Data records
lemma half_bound_reflect:
  "1 \<le> v \<Longrightarrow> v \<le> D - 1 \<Longrightarrow> v \<noteq> D - v \<Longrightarrow>
     (v \<le> half_bound D ev m) \<noteq> (D - v \<le> half_bound D ev m)"
  unfolding half_bound_def using kk_reflect kbar_reflect by presburger

lemma half_bound_midpoint:
  "1 \<le> v \<Longrightarrow> v = D - v \<Longrightarrow> v \<le> half_bound D ev m \<longleftrightarrow> even m = ev"
  unfolding half_bound_def using midpoint_le_kbar midpoint_not_le_kk by auto

lemma length_half_cols_False: "length (half_cols r D False) = NN r D"
proof -
  define k where "k = kk D"
  define e where "e = (D - 1) mod 2"
  define q where "q = r div 2"
  define t where "t = r mod 2"
  have D1: "D - 1 = 2 * k + e"
    unfolding k_def e_def kk_def by simp
  have kbar: "kbar D = k + e"
    using kbar_eq[of D] D1 k_def by simp
  have r: "r = 2 * q + t"
    unfolding q_def t_def by simp
  have r1: "(r + 1) div 2 = q + t"
    unfolding q_def t_def by presburger
  have "e \<le> 1" "t \<le> 1"
    unfolding e_def t_def by simp_all
  then have et: "e * t div 2 = 0"
    using mult_le_mono[of e 1 t 1] by simp
  have "length (half_cols r D False) = (q + t) * k + q * (k + e)"
    unfolding half_cols_False length_col_pairs r1 kbar k_def [symmetric] q_def [symmetric] ..
  also have "\<dots> = (2 * ((2 * q + t) * k + q * e) + e * t) div 2"
    using et by (simp add: algebra_simps)
  also have "\<dots> = NN r D"
    unfolding NN_def D1 r by (simp add: algebra_simps)
  finally show ?thesis .
qed

lemma length_half_cols: "length (half_cols r D False) + length (half_cols r D True) = r * (D - 1)"
proof -
  have k: "kk D + kbar D = D - 1"
    using kbar_eq[of D] kk_bounds[of D] by linarith
  have "length (half_cols r D False) + length (half_cols r D True)
      = ((r + 1) div 2 + r div 2) * (kk D + kbar D)"
    by (simp add: half_cols_False half_cols_True length_col_pairs algebra_simps)
  also have "(r + 1) div 2 + r div 2 = r"
    by linarith
  finally show ?thesis
    unfolding k .
qed

section \<open>Column indices and the reflection \<open>v \<mapsto> D - v\<close>\<close>

definition col_set :: "nat \<Rightarrow> nat \<Rightarrow> (nat \<times> nat) set" where
  "col_set r D = {(m, v). m < r \<and> 1 \<le> v \<and> v \<le> D - 1}"

definition col_of :: "nat \<Rightarrow> nat \<Rightarrow> nat \<times> nat" where
  "col_of D j = (j div (D - 1), j mod (D - 1) + 1)"

definition col_index :: "nat \<Rightarrow> nat \<times> nat \<Rightarrow> nat" where
  "col_index D c = fst c * (D - 1) + (snd c - 1)"

definition reflect_col :: "nat \<Rightarrow> nat \<times> nat \<Rightarrow> nat \<times> nat" where
  "reflect_col D c = (fst c, D - snd c)"

lemma col_of_in_col_set: "2 \<le> D \<Longrightarrow> j < r * (D - 1) \<Longrightarrow> col_of D j \<in> col_set r D"
  by (simp add: col_of_def col_set_def div_less_iff_less_mult Suc_le_eq)

lemma col_index_col_of: "2 \<le> D \<Longrightarrow> col_index D (col_of D j) = j"
  by (simp add: col_of_def col_index_def div_mult_mod_eq)

lemma col_of_col_index: "c \<in> col_set r D \<Longrightarrow> col_of D (col_index D c) = c"
proof -
  assume "c \<in> col_set r D"
  then obtain m w where c: "c = (m, w + 1)" and w: "w < D - 1"
    by (auto simp: col_set_def) (metis Suc_le_D)
  then show ?thesis
    by (simp add: col_of_def col_index_def)
qed

lemma col_index_less: "c \<in> col_set r D \<Longrightarrow> col_index D c < r * (D - 1)"
proof -
  assume "c \<in> col_set r D"
  then have "fst c < r" "1 \<le> snd c" "snd c \<le> D - 1"
    by (auto simp: col_set_def)
  then have "col_index D c < (fst c + 1) * (D - 1)"
    by (simp add: col_index_def)
  also have "\<dots> \<le> r * (D - 1)"
    using \<open>fst c < r\<close> by (intro mult_right_mono) auto
  finally show ?thesis .
qed

lemma bij_betw_col_index:
  assumes "2 \<le> D"
  shows "bij_betw (col_index D) (col_set r D) {..<r * (D - 1)}"
proof (rule bij_betw_byWitness[where f' = "col_of D"])
  show "\<forall>c\<in>col_set r D. col_of D (col_index D c) = c"
    using col_of_col_index by blast
  show "\<forall>j\<in>{..<r * (D - 1)}. col_index D (col_of D j) = j"
    using col_index_col_of assms by blast
  show "col_index D ` col_set r D \<subseteq> {..<r * (D - 1)}"
    using col_index_less by blast
  show "col_of D ` {..<r * (D - 1)} \<subseteq> col_set r D"
    using col_of_in_col_set assms by blast
qed

lemma reflect_col_in_col_set: "c \<in> col_set r D \<Longrightarrow> reflect_col D c \<in> col_set r D"
  and reflect_col_reflect_col: "c \<in> col_set r D \<Longrightarrow> reflect_col D (reflect_col D c) = c"
  by (auto simp: col_set_def reflect_col_def)

lemma set_half_cols_subset: "set (half_cols r D ev) \<subseteq> col_set r D"
  using half_bound_le[of D ev] by (auto simp: set_half_cols col_set_def intro: order_trans)

lemma delta_entry_reflect_col:
  assumes "c \<in> col_set r D" "2 \<le> a" "even a = ev"
  shows "delta_entry D a (fst (reflect_col D c)) (snd (reflect_col D c))
    = parity_sign ev (fst c) * delta_entry D a (fst c) (snd c)"
  using assms delta_entry_reflect[of a "fst c" "snd c" D]
  by (auto simp: col_set_def reflect_col_def parity_sign_def)

section \<open>The change of basis\<close>

(* The row e_p + s e_(\<rho> p) of the change of basis, for \<rho> an involution. *)
definition sym_row :: "('a \<Rightarrow> 'a) \<Rightarrow> real \<Rightarrow> 'a \<Rightarrow> 'a \<Rightarrow> real" where
  "sym_row \<rho> s p c = (if c = p then 1 else 0) + (if \<rho> c = p \<and> c \<noteq> p then s else 0)"

lemma sum_sym_row_mult:
  assumes "finite C" "p \<in> C" and inv: "\<And>c. c \<in> C \<Longrightarrow> \<rho> c \<in> C \<and> \<rho> (\<rho> c) = c"
  shows "(\<Sum>c\<in>C. sym_row \<rho> s p c * y c) = y p + (if \<rho> p \<noteq> p then s * y (\<rho> p) else 0)"
proof -
  have "(\<Sum>c\<in>C. sym_row \<rho> s p c * y c)
      = (\<Sum>c\<in>C. (if c = p then y c else 0) + (if c = \<rho> p \<and> \<rho> p \<noteq> p then s * y c else 0))"
    using inv assms(2) by (intro sum.cong) (auto simp: sym_row_def)
  then show ?thesis
    using assms by (simp add: sum.distrib)
qed

lemma sum_mult_sym_row:
  assumes "finite P"
    and pair: "\<rho> c \<noteq> c \<Longrightarrow> (c \<in> P) \<noteq> (\<rho> c \<in> P)"
    and fixed: "\<rho> c = c \<Longrightarrow> c \<notin> P \<Longrightarrow> F c = 0"
    and sym: "\<rho> c \<noteq> c \<Longrightarrow> \<rho> c \<in> P \<Longrightarrow> s (\<rho> c) * F (\<rho> c) = F c"
  shows "(\<Sum>p\<in>P. F p * sym_row \<rho> (s p) p c) = F c"
proof (cases "\<rho> c = c")
  case True
  then have "(\<Sum>p\<in>P. F p * sym_row \<rho> (s p) p c) = (\<Sum>p\<in>P. if p = c then F p else 0)"
    by (intro sum.cong) (auto simp: sym_row_def)
  then show ?thesis
    using assms(1) fixed True by auto
next
  case False
  then have "(\<Sum>p\<in>P. F p * sym_row \<rho> (s p) p c)
      = (\<Sum>p\<in>P. (if p = c then F p else 0) + (if p = \<rho> c then s p * F p else 0))"
    by (intro sum.cong) (auto simp: sym_row_def)
  also have "\<dots> = (if c \<in> P then F c else 0) + (if \<rho> c \<in> P then s (\<rho> c) * F (\<rho> c) else 0)"
    using assms(1) by (simp add: sum.distrib)
  also have "\<dots> = F c"
    using pair[OF False] sym[OF False] by auto
  finally show ?thesis .
qed

lemma sum_half_cols_sym_row:
  assumes c: "c \<in> col_set r D"
    and F_reflect: "F (reflect_col D c) = parity_sign ev (fst c) * F c"
  shows "(\<Sum>p\<in>set (half_cols r D ev). F p * sym_row (reflect_col D) (parity_sign ev (fst p)) p c) = F c"
proof (rule sum_mult_sym_row)
  obtain m v where mv: "c = (m, v)" "m < r" "1 \<le> v" "v \<le> D - 1"
    using c by (auto simp: col_set_def)
  show "(c \<in> set (half_cols r D ev)) \<noteq> (reflect_col D c \<in> set (half_cols r D ev))"
    if "reflect_col D c \<noteq> c"
    using that mv half_bound_reflect[of v D ev m] by (auto simp: set_half_cols reflect_col_def)
  show "F c = 0" if "reflect_col D c = c" "c \<notin> set (half_cols r D ev)"
  proof -
    have "even m \<noteq> ev"
      using that mv half_bound_midpoint[of v D ev m] by (auto simp: set_half_cols reflect_col_def)
    then show ?thesis
      using F_reflect that(1) mv(1) by (simp add: parity_sign_def)
  qed
  show "parity_sign ev (fst (reflect_col D c)) * F (reflect_col D c) = F c"
    unfolding F_reflect by (simp add: reflect_col_def parity_sign_def)
qed simp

**PROBLEM**
The answer consists of the lines above that include the word "linarith", each copied exactly.

**TASK OUTPUT**
    using kbar_eq[of D] kk_bounds[of D] by linarith
    by linarith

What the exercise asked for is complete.